> _EXERCISE OBJECTIVE_
From the entries below, copy exactly the lines from the one that contains "(\<forall>T'. T' \<subseteq>" through the one that contains "W' = W \<union>", both included, and only those.

> _EXCERPTED DATA_
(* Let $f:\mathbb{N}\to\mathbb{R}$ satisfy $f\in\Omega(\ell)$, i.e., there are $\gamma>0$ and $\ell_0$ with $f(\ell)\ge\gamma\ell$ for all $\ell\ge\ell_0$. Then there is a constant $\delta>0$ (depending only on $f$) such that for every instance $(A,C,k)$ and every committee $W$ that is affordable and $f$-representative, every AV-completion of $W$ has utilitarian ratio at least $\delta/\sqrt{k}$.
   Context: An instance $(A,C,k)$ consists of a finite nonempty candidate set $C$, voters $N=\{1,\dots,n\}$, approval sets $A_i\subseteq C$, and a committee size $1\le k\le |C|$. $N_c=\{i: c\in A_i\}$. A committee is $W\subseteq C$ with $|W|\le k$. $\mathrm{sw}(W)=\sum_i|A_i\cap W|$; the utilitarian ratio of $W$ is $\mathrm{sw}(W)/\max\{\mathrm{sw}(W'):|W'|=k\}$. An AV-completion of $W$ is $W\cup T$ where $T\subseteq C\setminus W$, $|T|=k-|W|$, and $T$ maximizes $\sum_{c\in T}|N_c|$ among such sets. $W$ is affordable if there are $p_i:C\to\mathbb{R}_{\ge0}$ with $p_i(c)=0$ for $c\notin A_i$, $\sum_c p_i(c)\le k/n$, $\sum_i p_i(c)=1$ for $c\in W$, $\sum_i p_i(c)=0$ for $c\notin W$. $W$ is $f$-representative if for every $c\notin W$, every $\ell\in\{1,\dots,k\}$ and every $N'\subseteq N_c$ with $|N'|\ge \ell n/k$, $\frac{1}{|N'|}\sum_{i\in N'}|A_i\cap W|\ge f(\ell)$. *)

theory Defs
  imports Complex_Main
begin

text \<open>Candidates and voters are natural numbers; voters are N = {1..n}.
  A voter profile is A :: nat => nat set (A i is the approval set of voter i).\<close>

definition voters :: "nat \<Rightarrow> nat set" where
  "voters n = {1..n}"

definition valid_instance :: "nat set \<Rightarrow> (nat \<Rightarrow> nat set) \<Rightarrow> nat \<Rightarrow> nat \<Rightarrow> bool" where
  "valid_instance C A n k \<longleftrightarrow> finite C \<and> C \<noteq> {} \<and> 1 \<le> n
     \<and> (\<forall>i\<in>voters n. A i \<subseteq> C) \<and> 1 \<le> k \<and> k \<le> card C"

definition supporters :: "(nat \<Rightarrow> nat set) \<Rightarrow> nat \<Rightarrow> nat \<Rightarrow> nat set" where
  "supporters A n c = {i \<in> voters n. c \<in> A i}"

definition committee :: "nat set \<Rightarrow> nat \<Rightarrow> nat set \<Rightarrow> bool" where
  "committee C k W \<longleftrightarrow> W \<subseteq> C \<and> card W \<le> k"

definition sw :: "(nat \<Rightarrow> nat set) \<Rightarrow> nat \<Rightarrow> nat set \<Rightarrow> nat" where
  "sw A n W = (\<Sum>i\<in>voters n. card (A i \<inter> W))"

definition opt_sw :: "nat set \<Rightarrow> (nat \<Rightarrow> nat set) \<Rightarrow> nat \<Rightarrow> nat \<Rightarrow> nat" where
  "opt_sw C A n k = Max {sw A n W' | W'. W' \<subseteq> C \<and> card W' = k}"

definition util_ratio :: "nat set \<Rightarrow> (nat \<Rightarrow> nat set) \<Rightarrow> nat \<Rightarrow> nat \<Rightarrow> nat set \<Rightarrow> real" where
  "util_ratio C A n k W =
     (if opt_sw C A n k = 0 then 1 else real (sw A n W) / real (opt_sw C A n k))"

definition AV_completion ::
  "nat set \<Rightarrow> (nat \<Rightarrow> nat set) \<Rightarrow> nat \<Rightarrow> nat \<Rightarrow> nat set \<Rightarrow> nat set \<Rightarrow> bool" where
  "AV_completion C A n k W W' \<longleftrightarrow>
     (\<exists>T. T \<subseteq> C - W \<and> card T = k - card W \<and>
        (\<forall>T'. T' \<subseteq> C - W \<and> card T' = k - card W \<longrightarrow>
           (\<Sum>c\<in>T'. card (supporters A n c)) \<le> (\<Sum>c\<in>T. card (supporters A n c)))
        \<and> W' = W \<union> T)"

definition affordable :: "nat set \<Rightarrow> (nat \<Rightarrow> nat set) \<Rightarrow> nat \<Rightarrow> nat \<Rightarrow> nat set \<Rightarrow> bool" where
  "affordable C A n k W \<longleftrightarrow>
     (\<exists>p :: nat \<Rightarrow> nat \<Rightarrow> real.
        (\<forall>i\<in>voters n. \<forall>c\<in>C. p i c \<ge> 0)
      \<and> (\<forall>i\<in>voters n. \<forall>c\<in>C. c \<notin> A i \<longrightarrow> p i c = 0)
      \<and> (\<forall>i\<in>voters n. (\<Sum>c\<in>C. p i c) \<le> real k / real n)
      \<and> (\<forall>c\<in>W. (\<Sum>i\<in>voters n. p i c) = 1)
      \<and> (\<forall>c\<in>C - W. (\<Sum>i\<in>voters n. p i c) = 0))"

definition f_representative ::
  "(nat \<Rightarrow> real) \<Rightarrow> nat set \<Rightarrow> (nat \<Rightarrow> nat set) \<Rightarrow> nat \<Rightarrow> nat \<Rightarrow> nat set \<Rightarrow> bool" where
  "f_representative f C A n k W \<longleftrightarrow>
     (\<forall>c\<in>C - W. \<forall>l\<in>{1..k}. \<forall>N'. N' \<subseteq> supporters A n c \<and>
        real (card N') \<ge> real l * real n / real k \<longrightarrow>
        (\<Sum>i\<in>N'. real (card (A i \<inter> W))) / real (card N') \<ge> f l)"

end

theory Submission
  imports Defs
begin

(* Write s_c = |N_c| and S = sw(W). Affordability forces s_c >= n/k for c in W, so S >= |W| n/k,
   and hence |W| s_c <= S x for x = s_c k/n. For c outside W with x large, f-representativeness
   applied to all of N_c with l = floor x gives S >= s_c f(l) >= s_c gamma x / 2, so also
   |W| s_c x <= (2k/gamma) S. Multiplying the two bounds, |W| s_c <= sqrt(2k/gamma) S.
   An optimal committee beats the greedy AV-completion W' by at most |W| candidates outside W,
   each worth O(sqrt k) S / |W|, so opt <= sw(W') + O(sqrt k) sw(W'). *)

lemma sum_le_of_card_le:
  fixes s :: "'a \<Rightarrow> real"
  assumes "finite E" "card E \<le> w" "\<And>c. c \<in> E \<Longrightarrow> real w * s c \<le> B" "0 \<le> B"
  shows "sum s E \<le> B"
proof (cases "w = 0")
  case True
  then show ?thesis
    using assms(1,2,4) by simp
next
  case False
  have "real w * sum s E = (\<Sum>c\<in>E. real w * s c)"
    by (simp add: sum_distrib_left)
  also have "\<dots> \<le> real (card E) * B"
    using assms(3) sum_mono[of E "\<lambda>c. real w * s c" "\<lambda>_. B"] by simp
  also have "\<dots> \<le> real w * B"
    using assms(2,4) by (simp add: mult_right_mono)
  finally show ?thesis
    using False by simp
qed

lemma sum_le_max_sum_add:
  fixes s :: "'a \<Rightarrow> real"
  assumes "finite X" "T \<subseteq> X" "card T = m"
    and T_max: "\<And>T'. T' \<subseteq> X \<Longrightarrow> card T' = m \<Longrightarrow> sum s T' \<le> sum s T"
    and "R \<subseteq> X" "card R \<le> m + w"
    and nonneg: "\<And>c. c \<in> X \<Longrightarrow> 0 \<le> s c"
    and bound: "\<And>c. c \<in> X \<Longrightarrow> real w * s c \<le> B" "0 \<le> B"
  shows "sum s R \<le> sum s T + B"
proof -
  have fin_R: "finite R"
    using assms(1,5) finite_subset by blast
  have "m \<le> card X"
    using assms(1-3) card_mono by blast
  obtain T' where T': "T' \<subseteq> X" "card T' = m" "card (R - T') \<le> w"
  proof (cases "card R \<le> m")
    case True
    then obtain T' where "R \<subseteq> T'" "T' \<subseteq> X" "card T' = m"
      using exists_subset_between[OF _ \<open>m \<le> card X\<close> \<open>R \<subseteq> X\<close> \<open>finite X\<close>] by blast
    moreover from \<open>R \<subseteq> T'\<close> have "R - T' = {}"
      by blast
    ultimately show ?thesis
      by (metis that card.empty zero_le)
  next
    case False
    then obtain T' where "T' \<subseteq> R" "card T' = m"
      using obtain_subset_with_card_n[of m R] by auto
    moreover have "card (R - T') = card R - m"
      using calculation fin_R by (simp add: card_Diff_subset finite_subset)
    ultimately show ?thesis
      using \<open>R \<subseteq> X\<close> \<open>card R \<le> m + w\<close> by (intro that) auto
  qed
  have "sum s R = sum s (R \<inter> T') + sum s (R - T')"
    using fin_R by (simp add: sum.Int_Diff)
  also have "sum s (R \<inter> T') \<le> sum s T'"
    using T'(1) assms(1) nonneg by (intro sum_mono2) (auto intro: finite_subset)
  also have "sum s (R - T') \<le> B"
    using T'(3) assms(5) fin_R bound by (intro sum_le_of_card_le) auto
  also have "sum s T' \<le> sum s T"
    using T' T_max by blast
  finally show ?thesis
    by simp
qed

==

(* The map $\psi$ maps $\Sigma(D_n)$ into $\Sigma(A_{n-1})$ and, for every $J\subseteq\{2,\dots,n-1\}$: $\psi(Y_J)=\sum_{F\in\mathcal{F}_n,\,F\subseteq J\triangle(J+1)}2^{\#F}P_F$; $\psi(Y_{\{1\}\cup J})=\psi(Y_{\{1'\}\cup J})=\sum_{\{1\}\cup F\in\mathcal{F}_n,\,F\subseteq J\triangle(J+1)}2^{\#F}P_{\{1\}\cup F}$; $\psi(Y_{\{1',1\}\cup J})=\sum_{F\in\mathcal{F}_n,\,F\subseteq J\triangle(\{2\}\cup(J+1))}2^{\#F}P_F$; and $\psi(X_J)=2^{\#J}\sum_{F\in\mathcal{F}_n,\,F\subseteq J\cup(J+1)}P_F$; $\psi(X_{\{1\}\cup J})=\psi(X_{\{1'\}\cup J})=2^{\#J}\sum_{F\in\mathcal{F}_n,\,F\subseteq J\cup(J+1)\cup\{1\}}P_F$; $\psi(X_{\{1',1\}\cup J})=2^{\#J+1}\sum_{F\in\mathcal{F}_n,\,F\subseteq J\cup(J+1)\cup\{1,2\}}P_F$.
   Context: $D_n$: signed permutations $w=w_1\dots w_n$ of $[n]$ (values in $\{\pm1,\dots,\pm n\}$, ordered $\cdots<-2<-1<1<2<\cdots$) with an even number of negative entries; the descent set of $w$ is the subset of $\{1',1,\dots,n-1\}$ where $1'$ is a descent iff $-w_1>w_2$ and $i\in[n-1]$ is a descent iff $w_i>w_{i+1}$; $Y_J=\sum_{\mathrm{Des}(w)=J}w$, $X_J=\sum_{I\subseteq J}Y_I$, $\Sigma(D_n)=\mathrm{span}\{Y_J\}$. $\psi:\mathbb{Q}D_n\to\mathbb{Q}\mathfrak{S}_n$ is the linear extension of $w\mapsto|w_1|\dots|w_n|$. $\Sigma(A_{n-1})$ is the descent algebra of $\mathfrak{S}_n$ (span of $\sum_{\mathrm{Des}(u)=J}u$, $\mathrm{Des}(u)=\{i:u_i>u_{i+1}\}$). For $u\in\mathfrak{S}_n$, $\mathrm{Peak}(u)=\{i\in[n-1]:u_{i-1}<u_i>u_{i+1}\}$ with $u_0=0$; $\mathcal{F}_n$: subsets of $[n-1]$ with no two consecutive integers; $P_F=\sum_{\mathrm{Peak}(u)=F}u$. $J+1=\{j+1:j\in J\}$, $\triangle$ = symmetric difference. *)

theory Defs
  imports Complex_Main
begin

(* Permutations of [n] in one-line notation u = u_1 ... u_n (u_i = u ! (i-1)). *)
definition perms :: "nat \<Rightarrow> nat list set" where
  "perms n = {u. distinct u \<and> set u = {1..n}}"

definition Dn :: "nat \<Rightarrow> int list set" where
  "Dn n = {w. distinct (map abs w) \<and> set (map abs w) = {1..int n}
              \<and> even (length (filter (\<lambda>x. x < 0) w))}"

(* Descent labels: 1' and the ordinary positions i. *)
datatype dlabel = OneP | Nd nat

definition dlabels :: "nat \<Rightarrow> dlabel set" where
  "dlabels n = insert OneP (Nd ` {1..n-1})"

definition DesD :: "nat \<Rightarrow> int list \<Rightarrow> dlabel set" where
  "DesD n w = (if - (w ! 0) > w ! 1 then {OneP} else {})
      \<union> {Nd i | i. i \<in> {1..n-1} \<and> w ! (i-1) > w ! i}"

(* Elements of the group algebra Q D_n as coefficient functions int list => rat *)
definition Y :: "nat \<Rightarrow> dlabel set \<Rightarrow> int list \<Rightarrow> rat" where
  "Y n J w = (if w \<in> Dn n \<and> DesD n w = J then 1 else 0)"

> _EXERCISE ANSWER_
        (\<forall>T'. T' \<subseteq> C - W \<and> card T' = k - card W \<longrightarrow>
           (\<Sum>c\<in>T'. card (supporters A n c)) \<le> (\<Sum>c\<in>T. card (supporters A n c)))
        \<and> W' = W \<union> T)"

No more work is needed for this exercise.